● **Problem to solve**
A single number is expected: the count of lines in the entries below that contain "imports".

● **Provided material**
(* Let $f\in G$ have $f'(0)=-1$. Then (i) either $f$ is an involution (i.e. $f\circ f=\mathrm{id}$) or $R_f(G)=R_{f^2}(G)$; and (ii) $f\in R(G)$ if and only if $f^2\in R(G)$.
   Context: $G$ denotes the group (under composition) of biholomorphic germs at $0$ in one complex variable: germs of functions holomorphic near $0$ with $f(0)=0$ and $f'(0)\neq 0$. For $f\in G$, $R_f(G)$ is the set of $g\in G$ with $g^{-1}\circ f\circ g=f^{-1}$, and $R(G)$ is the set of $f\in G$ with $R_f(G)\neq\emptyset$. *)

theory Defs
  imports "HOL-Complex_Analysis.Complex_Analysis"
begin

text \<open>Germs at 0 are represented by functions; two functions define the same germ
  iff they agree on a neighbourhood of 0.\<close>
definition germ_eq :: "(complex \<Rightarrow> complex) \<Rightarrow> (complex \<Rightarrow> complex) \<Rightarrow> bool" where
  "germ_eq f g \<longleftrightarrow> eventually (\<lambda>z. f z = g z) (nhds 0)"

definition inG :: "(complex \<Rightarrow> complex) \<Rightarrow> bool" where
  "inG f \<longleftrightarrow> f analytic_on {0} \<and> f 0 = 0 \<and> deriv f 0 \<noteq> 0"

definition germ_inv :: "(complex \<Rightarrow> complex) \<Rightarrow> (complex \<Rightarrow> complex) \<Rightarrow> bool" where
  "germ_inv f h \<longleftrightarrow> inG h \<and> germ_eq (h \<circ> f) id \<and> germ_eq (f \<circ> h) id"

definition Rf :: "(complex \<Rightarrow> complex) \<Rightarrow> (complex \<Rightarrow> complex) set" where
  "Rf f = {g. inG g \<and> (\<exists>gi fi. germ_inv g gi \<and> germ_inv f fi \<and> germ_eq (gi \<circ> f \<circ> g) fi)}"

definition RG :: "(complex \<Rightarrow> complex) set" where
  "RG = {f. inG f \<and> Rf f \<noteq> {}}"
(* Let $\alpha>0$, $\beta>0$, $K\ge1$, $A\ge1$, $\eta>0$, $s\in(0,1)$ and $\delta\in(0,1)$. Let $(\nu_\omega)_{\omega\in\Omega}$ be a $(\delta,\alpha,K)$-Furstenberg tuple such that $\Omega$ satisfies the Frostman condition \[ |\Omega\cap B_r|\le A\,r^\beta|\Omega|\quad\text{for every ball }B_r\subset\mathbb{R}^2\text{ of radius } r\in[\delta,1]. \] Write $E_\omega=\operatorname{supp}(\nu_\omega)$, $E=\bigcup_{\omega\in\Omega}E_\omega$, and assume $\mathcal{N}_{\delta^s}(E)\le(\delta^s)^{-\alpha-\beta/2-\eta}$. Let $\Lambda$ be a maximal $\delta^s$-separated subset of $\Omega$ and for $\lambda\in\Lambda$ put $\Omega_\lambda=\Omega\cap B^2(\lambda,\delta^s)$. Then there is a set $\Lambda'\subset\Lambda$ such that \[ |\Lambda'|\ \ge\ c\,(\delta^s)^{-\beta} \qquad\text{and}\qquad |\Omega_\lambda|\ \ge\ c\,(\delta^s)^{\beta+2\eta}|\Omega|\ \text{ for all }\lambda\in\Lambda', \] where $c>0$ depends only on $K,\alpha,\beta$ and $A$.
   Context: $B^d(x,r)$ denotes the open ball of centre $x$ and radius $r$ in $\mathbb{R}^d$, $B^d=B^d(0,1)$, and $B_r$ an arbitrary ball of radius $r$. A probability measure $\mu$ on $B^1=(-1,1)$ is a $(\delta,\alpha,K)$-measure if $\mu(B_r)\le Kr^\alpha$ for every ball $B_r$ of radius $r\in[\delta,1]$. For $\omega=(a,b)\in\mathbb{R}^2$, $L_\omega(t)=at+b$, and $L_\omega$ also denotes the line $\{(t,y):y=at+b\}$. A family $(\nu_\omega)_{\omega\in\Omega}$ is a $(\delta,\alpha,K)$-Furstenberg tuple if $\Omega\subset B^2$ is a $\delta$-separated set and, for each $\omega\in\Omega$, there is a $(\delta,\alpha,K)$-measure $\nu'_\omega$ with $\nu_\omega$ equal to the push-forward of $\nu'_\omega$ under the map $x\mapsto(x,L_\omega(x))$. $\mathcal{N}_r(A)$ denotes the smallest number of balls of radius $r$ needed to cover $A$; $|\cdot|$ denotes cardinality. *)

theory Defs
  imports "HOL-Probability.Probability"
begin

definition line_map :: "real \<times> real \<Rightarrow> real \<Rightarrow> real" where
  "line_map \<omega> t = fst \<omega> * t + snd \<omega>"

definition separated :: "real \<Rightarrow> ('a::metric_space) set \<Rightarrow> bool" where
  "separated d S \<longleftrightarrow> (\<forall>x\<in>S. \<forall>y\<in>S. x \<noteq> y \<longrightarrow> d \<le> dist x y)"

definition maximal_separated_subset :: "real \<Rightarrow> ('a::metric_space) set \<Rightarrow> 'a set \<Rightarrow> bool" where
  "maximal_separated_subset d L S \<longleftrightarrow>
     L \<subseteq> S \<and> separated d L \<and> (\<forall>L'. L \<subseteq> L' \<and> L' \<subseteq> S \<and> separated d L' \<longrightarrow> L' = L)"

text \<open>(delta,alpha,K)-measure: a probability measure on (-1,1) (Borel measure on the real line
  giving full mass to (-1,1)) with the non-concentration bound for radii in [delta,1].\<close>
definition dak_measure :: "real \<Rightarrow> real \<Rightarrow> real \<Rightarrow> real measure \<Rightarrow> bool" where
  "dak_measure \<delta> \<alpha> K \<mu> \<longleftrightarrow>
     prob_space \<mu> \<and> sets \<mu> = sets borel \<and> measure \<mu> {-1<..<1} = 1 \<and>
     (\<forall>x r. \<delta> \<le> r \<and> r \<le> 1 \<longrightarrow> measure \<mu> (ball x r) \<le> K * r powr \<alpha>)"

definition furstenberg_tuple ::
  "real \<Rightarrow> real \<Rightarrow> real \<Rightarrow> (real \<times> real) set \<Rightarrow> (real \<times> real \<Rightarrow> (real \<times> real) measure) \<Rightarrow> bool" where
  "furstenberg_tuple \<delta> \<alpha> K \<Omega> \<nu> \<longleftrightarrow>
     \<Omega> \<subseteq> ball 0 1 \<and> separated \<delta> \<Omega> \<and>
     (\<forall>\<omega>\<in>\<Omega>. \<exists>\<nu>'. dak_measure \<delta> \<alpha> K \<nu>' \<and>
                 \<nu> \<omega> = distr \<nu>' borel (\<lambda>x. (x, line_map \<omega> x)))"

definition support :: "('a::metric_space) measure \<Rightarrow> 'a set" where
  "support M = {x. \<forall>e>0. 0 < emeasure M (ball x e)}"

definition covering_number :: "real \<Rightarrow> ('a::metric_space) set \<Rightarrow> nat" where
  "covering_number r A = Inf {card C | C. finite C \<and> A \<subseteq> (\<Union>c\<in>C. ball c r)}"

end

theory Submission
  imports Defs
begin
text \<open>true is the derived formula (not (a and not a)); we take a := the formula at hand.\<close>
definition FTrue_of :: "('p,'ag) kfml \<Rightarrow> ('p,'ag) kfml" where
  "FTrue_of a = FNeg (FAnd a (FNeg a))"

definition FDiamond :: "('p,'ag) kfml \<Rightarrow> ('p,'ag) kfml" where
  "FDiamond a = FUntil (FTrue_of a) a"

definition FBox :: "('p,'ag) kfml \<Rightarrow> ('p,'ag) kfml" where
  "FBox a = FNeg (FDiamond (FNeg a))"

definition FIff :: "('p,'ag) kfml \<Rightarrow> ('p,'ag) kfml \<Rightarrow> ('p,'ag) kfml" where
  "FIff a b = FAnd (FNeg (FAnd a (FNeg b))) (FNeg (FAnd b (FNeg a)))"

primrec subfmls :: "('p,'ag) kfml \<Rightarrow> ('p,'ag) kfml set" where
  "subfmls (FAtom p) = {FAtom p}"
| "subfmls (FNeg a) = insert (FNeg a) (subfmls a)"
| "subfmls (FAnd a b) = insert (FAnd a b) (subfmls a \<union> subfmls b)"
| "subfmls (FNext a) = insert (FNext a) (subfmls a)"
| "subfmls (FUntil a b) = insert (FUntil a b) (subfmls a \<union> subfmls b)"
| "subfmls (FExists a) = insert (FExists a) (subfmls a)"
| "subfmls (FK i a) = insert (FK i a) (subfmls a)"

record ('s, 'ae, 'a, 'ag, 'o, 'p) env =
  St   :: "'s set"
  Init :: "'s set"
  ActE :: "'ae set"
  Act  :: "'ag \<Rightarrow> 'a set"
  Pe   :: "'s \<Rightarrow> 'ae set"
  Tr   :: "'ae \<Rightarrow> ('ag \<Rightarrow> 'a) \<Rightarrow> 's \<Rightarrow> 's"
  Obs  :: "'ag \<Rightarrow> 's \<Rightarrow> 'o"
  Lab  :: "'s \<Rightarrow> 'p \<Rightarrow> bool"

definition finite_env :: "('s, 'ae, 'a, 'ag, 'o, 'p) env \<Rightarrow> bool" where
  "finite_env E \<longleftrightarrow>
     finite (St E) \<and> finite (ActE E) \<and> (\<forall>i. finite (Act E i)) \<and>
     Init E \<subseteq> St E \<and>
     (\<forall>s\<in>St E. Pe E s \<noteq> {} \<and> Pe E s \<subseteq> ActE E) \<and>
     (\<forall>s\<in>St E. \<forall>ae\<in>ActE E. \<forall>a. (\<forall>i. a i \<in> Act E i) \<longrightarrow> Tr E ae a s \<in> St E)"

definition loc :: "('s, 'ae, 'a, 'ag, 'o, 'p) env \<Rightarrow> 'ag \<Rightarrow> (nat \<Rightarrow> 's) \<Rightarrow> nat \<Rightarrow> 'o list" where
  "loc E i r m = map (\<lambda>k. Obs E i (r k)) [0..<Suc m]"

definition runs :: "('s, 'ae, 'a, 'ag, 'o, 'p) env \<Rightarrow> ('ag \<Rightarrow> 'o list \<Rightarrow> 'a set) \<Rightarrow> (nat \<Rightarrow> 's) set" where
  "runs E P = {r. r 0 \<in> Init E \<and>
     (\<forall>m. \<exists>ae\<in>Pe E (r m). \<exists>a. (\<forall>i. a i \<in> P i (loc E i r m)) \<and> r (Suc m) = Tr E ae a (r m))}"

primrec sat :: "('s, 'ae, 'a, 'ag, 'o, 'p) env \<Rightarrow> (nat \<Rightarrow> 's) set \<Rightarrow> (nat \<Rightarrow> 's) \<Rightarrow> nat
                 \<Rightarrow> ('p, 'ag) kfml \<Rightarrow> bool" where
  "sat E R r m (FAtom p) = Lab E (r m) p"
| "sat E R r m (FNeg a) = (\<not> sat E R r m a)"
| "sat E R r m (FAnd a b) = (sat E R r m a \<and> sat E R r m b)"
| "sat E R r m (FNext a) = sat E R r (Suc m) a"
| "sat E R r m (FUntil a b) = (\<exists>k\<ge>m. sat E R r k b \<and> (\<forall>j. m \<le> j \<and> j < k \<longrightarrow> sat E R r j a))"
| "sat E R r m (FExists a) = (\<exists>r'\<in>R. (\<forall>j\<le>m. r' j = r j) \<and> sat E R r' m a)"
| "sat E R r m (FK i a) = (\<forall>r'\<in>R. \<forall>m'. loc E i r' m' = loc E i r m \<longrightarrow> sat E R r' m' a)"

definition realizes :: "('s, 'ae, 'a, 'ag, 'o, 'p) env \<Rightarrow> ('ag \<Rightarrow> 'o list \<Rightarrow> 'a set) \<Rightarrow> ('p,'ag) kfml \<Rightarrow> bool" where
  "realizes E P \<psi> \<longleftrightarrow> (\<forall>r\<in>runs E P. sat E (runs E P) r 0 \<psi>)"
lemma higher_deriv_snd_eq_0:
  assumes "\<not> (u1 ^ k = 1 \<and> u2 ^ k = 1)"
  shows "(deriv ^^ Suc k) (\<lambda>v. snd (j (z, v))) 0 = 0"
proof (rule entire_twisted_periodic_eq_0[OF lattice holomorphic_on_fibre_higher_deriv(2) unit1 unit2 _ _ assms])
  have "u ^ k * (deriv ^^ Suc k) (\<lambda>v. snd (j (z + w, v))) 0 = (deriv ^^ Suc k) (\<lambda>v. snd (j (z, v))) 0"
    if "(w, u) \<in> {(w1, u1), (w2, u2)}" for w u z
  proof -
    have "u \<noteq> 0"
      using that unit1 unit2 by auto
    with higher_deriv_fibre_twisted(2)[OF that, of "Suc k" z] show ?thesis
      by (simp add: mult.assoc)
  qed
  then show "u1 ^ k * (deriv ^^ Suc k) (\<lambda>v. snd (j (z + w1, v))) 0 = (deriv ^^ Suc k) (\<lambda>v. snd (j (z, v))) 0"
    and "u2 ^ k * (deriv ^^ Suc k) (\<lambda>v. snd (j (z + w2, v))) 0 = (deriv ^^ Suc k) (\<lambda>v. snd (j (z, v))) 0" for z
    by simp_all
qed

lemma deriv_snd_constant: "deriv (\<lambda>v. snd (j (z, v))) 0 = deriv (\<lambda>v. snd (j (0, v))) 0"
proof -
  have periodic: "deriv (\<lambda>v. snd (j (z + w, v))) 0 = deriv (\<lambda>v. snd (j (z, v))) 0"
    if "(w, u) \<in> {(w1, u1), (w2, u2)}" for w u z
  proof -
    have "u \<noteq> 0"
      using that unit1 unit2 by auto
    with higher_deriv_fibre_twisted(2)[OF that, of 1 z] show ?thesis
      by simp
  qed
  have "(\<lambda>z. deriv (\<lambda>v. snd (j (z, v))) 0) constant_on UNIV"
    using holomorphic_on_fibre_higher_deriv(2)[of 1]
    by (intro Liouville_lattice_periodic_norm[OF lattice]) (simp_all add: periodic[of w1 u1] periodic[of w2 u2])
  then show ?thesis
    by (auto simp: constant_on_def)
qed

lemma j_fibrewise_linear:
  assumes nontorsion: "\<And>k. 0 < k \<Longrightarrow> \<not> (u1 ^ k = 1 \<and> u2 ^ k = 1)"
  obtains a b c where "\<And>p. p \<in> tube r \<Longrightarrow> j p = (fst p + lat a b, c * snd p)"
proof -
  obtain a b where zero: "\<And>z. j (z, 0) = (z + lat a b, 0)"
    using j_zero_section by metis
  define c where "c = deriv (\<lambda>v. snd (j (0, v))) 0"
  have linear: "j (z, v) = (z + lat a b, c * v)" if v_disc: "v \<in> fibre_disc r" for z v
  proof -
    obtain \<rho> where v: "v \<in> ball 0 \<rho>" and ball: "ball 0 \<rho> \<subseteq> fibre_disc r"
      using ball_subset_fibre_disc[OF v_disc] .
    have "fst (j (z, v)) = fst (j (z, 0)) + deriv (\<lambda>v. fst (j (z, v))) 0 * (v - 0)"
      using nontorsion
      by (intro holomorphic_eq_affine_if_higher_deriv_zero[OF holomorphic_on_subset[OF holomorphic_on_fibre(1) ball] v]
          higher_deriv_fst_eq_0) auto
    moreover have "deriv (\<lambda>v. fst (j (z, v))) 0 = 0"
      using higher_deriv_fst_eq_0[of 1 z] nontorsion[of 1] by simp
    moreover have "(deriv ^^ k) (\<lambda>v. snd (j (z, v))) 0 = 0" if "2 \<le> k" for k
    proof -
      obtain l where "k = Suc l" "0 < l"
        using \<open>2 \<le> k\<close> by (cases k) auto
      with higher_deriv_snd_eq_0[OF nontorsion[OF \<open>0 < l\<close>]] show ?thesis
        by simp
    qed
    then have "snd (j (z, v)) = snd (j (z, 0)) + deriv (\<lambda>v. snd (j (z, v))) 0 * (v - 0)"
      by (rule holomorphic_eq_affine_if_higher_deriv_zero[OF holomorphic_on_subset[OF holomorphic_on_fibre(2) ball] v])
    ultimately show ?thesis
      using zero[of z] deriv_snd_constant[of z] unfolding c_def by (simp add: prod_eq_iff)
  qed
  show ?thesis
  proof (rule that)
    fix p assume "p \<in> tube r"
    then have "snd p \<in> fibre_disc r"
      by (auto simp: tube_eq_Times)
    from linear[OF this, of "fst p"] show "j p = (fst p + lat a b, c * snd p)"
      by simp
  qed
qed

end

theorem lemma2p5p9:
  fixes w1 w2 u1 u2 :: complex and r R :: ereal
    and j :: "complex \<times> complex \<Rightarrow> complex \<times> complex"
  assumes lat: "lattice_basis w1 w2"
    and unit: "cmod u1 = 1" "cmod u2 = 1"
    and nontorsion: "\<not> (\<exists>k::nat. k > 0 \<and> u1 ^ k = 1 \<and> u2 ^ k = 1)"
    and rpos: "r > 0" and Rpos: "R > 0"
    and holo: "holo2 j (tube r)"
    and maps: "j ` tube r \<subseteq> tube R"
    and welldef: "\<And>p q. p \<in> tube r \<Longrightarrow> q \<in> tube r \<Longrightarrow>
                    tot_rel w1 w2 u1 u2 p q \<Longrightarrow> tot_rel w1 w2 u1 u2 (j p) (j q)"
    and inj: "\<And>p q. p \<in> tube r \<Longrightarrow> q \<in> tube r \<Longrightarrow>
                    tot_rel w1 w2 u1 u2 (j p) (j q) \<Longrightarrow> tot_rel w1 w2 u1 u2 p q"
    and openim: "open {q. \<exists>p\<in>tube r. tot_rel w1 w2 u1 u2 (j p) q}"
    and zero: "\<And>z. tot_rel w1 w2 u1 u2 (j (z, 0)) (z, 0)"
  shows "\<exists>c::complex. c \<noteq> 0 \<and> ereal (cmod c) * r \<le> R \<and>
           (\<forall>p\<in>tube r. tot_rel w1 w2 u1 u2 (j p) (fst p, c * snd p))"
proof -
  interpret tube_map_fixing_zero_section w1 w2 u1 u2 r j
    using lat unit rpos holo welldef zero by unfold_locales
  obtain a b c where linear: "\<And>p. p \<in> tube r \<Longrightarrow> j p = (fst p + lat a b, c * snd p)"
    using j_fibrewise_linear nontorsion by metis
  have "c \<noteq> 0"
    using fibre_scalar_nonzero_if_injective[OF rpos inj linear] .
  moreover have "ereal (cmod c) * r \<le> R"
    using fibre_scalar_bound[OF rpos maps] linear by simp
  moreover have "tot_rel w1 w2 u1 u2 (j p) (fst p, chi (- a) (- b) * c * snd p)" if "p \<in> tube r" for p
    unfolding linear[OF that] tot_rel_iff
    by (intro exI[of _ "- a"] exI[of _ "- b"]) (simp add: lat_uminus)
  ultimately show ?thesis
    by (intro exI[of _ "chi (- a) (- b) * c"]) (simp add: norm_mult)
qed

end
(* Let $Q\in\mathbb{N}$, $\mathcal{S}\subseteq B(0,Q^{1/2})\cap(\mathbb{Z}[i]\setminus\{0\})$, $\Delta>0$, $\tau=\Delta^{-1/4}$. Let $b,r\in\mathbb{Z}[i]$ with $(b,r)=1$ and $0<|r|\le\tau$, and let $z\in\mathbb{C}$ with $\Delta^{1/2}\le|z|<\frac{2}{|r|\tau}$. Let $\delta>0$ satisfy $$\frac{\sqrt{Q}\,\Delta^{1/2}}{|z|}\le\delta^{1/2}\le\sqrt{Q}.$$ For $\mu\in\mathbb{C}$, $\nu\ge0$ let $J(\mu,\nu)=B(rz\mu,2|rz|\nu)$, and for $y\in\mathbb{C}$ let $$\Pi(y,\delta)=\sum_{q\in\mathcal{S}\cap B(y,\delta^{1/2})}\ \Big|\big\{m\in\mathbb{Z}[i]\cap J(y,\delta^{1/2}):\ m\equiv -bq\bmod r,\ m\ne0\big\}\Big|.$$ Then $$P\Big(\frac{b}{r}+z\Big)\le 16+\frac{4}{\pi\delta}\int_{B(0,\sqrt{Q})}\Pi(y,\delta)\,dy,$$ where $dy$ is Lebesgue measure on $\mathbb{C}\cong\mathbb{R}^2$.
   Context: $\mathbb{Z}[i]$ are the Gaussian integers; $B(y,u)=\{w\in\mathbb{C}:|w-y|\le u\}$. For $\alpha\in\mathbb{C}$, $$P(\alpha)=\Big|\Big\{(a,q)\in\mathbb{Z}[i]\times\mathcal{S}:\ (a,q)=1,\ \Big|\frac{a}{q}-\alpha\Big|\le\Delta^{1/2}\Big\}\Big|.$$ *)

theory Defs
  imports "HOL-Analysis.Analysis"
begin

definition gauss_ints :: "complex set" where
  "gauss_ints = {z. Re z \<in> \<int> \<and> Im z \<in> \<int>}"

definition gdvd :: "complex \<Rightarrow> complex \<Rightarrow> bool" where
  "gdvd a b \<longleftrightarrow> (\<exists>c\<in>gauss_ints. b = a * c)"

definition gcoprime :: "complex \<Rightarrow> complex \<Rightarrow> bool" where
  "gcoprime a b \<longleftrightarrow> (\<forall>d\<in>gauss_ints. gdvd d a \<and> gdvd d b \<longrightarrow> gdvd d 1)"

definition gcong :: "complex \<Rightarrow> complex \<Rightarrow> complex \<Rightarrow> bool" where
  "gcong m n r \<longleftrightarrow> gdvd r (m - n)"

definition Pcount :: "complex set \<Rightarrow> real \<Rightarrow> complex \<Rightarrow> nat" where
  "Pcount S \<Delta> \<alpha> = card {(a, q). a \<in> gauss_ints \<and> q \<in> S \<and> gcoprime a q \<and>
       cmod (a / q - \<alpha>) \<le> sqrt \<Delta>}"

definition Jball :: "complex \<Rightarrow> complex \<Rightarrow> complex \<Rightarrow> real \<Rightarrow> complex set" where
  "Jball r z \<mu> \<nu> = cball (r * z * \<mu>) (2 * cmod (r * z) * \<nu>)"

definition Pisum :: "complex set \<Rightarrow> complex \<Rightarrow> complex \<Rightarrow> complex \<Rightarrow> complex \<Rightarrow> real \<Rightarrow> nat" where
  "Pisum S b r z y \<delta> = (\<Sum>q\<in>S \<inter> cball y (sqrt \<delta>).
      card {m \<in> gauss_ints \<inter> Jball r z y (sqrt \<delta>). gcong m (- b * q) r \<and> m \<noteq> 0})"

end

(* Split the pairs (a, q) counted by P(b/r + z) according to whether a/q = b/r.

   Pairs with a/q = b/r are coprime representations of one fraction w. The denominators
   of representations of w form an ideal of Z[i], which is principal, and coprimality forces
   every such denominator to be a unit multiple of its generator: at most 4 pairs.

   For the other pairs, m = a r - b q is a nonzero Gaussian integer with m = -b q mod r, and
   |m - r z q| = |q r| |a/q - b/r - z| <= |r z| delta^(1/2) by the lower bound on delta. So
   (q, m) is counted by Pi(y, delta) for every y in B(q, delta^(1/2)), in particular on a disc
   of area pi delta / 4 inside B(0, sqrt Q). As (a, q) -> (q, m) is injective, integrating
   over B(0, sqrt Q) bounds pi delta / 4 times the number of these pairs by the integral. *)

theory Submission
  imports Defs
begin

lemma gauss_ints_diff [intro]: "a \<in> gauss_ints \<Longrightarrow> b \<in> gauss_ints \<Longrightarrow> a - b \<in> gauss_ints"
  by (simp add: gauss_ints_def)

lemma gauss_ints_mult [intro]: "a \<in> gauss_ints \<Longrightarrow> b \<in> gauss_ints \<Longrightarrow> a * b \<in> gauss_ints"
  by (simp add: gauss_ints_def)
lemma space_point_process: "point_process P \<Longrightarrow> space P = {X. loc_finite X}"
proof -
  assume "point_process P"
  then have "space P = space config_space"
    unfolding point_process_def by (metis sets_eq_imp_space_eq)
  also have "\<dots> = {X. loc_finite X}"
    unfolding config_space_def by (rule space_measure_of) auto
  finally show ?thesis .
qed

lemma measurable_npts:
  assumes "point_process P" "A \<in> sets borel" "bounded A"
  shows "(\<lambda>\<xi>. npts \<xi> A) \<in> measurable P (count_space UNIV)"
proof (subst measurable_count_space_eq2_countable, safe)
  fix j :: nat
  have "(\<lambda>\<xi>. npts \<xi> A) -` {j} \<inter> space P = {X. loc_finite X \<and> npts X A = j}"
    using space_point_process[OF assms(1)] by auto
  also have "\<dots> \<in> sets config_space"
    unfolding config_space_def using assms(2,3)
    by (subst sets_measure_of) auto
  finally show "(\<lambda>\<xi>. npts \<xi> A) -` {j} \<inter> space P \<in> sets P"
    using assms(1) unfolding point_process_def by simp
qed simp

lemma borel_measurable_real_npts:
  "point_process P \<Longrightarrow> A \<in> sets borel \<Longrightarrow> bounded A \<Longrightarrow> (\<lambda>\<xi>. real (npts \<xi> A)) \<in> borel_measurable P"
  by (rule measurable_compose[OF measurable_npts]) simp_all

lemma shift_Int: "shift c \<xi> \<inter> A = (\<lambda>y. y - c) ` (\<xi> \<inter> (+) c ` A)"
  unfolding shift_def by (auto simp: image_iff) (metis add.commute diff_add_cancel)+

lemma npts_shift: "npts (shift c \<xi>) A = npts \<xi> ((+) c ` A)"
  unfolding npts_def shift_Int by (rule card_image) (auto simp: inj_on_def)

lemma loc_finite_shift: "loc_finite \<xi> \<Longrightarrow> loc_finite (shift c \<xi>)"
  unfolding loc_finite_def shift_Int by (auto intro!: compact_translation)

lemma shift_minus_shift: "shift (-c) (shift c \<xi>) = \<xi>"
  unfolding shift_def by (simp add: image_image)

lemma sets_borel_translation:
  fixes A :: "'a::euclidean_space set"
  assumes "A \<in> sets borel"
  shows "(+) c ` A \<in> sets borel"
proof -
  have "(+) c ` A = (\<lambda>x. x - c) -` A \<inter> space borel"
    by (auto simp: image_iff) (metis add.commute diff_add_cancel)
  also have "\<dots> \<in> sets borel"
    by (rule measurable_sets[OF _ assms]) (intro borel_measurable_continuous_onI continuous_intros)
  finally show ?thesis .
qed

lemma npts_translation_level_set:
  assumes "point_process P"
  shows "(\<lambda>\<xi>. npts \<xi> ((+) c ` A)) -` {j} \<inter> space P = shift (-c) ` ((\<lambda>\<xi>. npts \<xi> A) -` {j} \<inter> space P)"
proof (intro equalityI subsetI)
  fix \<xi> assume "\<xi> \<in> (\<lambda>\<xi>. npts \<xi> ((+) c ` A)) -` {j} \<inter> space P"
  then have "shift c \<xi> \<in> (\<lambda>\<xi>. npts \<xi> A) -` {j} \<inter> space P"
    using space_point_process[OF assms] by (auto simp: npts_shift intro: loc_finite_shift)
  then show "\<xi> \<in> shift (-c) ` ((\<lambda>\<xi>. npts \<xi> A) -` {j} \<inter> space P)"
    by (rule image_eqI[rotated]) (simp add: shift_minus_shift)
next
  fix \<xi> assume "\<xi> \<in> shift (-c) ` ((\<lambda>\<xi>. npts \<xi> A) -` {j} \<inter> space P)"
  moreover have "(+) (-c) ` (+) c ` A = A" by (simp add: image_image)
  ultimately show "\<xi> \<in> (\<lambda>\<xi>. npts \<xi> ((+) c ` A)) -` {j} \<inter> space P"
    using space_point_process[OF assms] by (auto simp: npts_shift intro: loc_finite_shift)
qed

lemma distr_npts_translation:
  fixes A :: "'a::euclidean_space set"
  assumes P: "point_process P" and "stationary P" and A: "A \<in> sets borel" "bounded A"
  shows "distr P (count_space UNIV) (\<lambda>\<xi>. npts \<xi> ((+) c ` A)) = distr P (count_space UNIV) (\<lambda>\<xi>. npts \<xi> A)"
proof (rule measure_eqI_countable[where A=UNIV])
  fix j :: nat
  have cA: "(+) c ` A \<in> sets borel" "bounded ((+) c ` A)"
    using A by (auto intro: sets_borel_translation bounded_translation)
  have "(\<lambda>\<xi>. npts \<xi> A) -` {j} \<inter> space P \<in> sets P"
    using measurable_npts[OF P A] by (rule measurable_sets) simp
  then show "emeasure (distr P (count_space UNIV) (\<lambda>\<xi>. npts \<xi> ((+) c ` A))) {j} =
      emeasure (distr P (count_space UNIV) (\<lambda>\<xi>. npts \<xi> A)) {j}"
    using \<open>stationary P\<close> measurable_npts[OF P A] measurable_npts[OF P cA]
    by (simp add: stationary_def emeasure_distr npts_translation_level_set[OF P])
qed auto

● **Result of this task**
5